Frédéric Joliot - Chimie - 1935

Frédéric Joliot

Jean Frédéric Joliot, dit Frédéric Joliot-Curie, est un physicien et chimiste français, né à Paris le 19 mars 1900 et mort à Paris le 14 août 1958. Il a obtenu le prix Nobel de chimie en 1935 avec son épouse Irène Joliot-Curie.

 

Frédéric Joliot fait ses études à l'École supérieure de physique et de chimie, où il rencontre Paul Langevin et devient ami avec Pierre Biquard. Grâce à Paul Langevin, il devient préparateur particulier de Marie Curie à l'Institut du Radium. En 1926, il épouse Irène Curie, la fille de Pierre et Marie Curie. Frédéric Joliot obtient son doctorat de sciences en 1930 à la faculté des sciences de l'université de Paris.

Il participe avec sa femme à des recherches sur la structure de l'atome. En 1935, ils obtiennent le Prix Nobel de chimie pour la découverte de la radioactivité artificielle. En 1937, il est nommé professeur de chimie nucléaire au Collège de France et directeur du laboratoire de synthèse atomique de la Caisse nationale de la recherche scientifique.

Il s'engagera dans la Résistance en 1941 et prend la tête de l'organisation de la résistance le Front national, dont les militants se rencontrent clandestinement dans son laboratoire.

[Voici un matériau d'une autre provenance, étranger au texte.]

(* Let $p_1,p_2$ be primes with $p_1\equiv 1 \pmod 4$ and $p_2\equiv 3\pmod 4$, let $m,n$ be positive integers, and let $N=p_1^mp_2^n$. Let $p$ be a prime such that $\mathrm{ord}_{p_1^m}(p)=\phi(p_1^m)$, $\mathrm{ord}_{p_2^n}(p)=\phi(p_2^n)$ and $f:=\mathrm{ord}_N(p)=\phi(N)/2$, where $\phi$ is Euler's totient function. Let $q=p^f$, let $\gamma$ be a primitive element of $\mathbb{F}_q$, and let $C_i=\gamma^i\langle\gamma^N\rangle$ for $0\le i\le N-1$ (indices read modulo $N$). Define $$D=\bigcup_{i=0}^{p_1^{m-1}-1}\ \bigcup_{j=0}^{p_2^{n-1}-1} C_{p_2^n i+p_1^m j}\subseteq \mathbb{F}_q .$$ Then the set $\{\psi(\gamma^a D)\,:\, a=0,1,\dots,q-2\}$ has at most five elements, where $\psi(\gamma^aD)=\sum_{x\in D}\psi(\gamma^a x)$.
   Context: $\psi$ denotes the canonical additive character of $\mathbb{F}_q$, $\psi(x)=\exp\!\big(2\pi i\,\mathrm{Tr}_{q/p}(x)/p\big)$, where $\mathrm{Tr}_{q/p}$ is the absolute trace from $\mathbb{F}_q$ to $\mathbb{F}_p$. $\mathrm{ord}_M(p)$ is the multiplicative order of $p$ modulo $M$. The sets $C_i$ are the cyclotomic classes of order $N$ of $\mathbb{F}_q$. *)

theory Defs
  imports Complex_Main "HOL-Number_Theory.Number_Theory"
begin

definition abs_trace :: "nat \<Rightarrow> nat \<Rightarrow> 'a::field \<Rightarrow> 'a" where
  "abs_trace p f x = (\<Sum>k<f. x ^ (p ^ k))"

text \<open>Canonical additive character psi(x) = exp(2 pi i Tr(x)/p), where Tr(x), an element
  of the prime field, is identified with the unique k < p such that of_nat k = Tr(x).\<close>
definition can_add_char :: "nat \<Rightarrow> nat \<Rightarrow> 'a::field \<Rightarrow> complex" where
  "can_add_char p f x =
     cis (2 * pi * real (THE k. k < p \<and> of_nat k = abs_trace p f x) / real p)"

definition primitive_element :: "'a::field \<Rightarrow> bool" where
  "primitive_element g \<longleftrightarrow> g \<noteq> 0 \<and> (\<forall>x. x \<noteq> 0 \<longrightarrow> (\<exists>k::nat. x = g ^ k))"

definition cyc_class :: "'a::field \<Rightarrow> nat \<Rightarrow> nat \<Rightarrow> 'a set" where
  "cyc_class g N i = {g ^ i * (g ^ N) ^ k | k::nat. True}"

end

theory Submission
  imports Defs
begin

(*
  Write M1 = p1^m, M2 = p2^n, L1 = p1^(m-1), L2 = p2^(n-1), so N = M1 M2, and let
  G(t) = psi(C_t) be the Gauss period of the cyclotomic class C_t.  G depends only on
  t mod N and is invariant under t |-> p t (Frobenius).  By the Chinese remainder
  theorem G is a function H(x, y) of a residue x mod M1 and a residue y mod M2,
  invariant under (x, y) |-> (p^k x, p^k y), and psi(gamma^a D) is the double sum
    S(a) = sum_{i<L1} sum_{j<L2} H(a + M2 i, a + M1 j).
  Since p is a primitive root modulo M1 and modulo M2 and gcd(phi M1, phi M2) divides 2
  (because ord_N(p) = phi(N)/2), H(p^e1 x, p^e2 y) = H(x, y) whenever e1 + e2 is even.
  Hence H(x, y) depends only on x mod L1 as long as L1 does not divide x, so in each inner
  sum all terms but one add up to a fixed sum over the residues {1..<L1}.  What remains
  of S(a) is determined by a pair (z1, z2) with L1 | z1, L2 | z2; such a pair lies in the
  p-orbit of (0 or L1, 0 or L2), and the parity constraint on the exponents leaves the
  five representatives (0,0), (0,L2), (L1,0), (L1,L2), (p L1, L2).  The congruence
  conditions p1 = 1, p2 = 3 (mod 4) enter only through p1, p2 being odd and distinct.
*)

section \<open>Elementary congruences\<close>

lemma int_cong_one_pow_self:
  fixes y :: int and q :: nat
  assumes "[y = 1] (mod int q ^ s)" "s \<ge> 1"
  shows "[y ^ q = 1] (mod int q ^ Suc s)"
proof -
  have factor: "y ^ q - 1 = (y - 1) * (\<Sum>i<q. y ^ i)" by (simp add: power_diff_1_eq)
  have d1: "int q ^ s dvd y - 1" using assms(1) by (simp add: cong_iff_dvd_diff)
  have yq: "[y = 1] (mod int q)"
    using assms by (intro cong_dvd_modulus[OF assms(1)]) (simp add: dvd_power)
  have "[(\<Sum>i<q. y ^ i) = (\<Sum>i<q. 1)] (mod int q)"
    by (rule cong_sum) (metis yq cong_pow power_one)
  hence "int q dvd (\<Sum>i<q. y ^ i) - int q" by (simp add: cong_iff_dvd_diff)
  hence d2: "int q dvd (\<Sum>i<q. y ^ i)"
    using dvd_add[of "int q" "(\<Sum>i<q. y ^ i) - int q" "int q"] by simp
  have "int q ^ s * int q dvd (y - 1) * (\<Sum>i<q. y ^ i)" using d1 d2 by (rule mult_dvd_mono)
  thus ?thesis using factor by (simp add: cong_iff_dvd_diff mult.commute)
qed

lemma cong_one_pow_power:
  fixes w q :: nat
  assumes "[w = 1] (mod q)"
  shows "[w ^ (q ^ j) = 1] (mod q ^ Suc j)"
proof -
  have "[int w ^ (q ^ j) = 1] (mod int q ^ Suc j)"
  proof (induction j)
    case 0 then show ?case using assms by (simp add: cong_int_iff[symmetric])
  next
    case (Suc j)
    have "[(int w ^ (q ^ j)) ^ q = 1] (mod int q ^ Suc (Suc j))"
      by (rule int_cong_one_pow_self) (use Suc in auto)
    thus ?case by (simp add: power_mult[symmetric] mult.commute)
  qed
  thus ?thesis by (metis cong_int_iff of_nat_1 of_nat_power)
qed

lemma chinese_remainder_gcd:
  fixes a b :: nat and X Y :: int
  assumes "a > 0" "b > 0" "int (gcd a b) dvd X - Y"
  shows "\<exists>k::nat. [int k = X] (mod int a) \<and> [int k = Y] (mod int b)"
proof -
  obtain d where d: "X - Y = int (gcd a b) * d" using assms(3) by (auto elim: dvdE)
  obtain s t where st: "int (gcd a b) = s * int a + t * int b"
    using bezout_int[of "int a" "int b"] by (metis gcd_int_int_eq)
  define k0 where "k0 = X - d * s * int a"
  have k0b: "k0 = Y + d * t * int b" unfolding k0_def using d st by (simp add: algebra_simps)
  define k where "k = k0 mod (int a * int b)"
  have "k \<ge> 0" unfolding k_def using assms by simp
  moreover have "[k = k0] (mod int a * int b)" unfolding k_def by simp
  hence "[k = k0] (mod int a)" and "[k = k0] (mod int b)"
    by (auto intro: cong_dvd_modulus)
  moreover have "[k0 = X] (mod int a)" unfolding k0_def by (simp add: cong_iff_dvd_diff)
  moreover have "[k0 = Y] (mod int b)" unfolding k0b by (simp add: cong_iff_dvd_diff)
  ultimately show ?thesis by (intro exI[of _ "nat k"]) (auto intro: cong_trans)
qed

lemma cong_prime_power_multiplier:
  fixes q x x' r :: nat
  assumes q: "prime q" and c: "[x = x'] (mod q ^ r)" and nd: "\<not> q ^ r dvd x"
  shows "\<exists>w. [w = 1] (mod q) \<and> [w * x = x'] (mod q ^ Suc r)"
proof -
  have x0: "x \<noteq> 0" proof assume "x = 0" with nd show False by simp qed
  define v where "v = multiplicity q x"
  have vd: "q ^ v dvd x" unfolding v_def by (rule multiplicity_dvd)
  have vr: "v < r"
  proof (rule ccontr)
    assume "\<not> v < r" hence "q ^ r dvd q ^ v" by (simp add: le_imp_power_dvd)
    with vd nd show False using dvd_trans by blast
  qed
  define u where "u = x div q ^ v"
  have xu: "x = q ^ v * u" unfolding u_def using vd by simp
  have nqu: "\<not> q dvd u"
    unfolding u_def v_def using multiplicity_decompose[of x q] x0 q not_prime_unit by blast
  have "q ^ v dvd q ^ r" using vr by (simp add: le_imp_power_dvd)
  hence "[x = x'] (mod q ^ v)" by (rule cong_dvd_modulus_nat[OF c])
  hence "q ^ v dvd x'" using vd by (simp add: cong_dvd_iff)
  then obtain u' where xu': "x' = q ^ v * u'" by (elim dvdE)
  have "q ^ r = q ^ v * q ^ (r - v)" using vr by (simp add: power_add[symmetric])
  hence "[q ^ v * u = q ^ v * u'] (mod q ^ v * q ^ (r - v))" using c xu xu' by simp
  hence "[u = u'] (mod q ^ (r - v))"
    using prime_gt_0_nat[OF q] by (simp add: cong_def mod_mult_mult1)
  hence uu': "[u = u'] (mod q)" by (rule cong_dvd_modulus_nat) (use vr in simp)
  have "coprime u q" using prime_imp_coprime[OF q nqu] by (simp add: ac_simps)
  hence cu: "coprime u (q ^ Suc r)" by simp
  obtain s where s: "[u * s = 1] (mod q ^ Suc r)" using cong_solve_coprime_nat[OF cu] by auto
  have "[u' * s = u * s] (mod q)" using uu' by (intro cong_scalar_right) (rule cong_sym)
  moreover have "[u * s = 1] (mod q)" using s by (rule cong_dvd_modulus_nat) simp
  ultimately have w1: "[u' * s = 1] (mod q)" by (rule cong_trans)
  have "[q ^ v * u' * (u * s) = q ^ v * u' * 1] (mod q ^ Suc r)"
    using s by (rule cong_scalar_left)
  moreover have "(u' * s) * x = q ^ v * u' * (u * s)" unfolding xu by (simp only: ac_simps)
  ultimately have "[(u' * s) * x = x'] (mod q ^ Suc r)" by (simp only: xu' mult_1_right)
  thus ?thesis using w1 by blast
qed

Il prend part en août 1944 à l'insurrection de Paris contre l'occupation nazie.
Il est directeur du CNRS du 20 août 1944 au 3 février 1946. En 1945, il participe à la fondation du Commissariat à l'énergie atomique (CEA), dont il est nommé haut-commissaire par le général de Gaulle. En 1947, il devient membre étranger de la Royal Society qui lui décerne, l'année suivante, la médaille Hughes. En 1948, il supervise la construction du premier réacteur nucléaire français, la pile Zoé. À la mort de sa femme, il reprend la charge de sa chaire de physique nucléaire à la Faculté des sciences de Paris ainsi que la direction de l'Institut du radium tout en conservant son poste au Collège de France. Il est élu membre de l'Académie des sciences en 1958.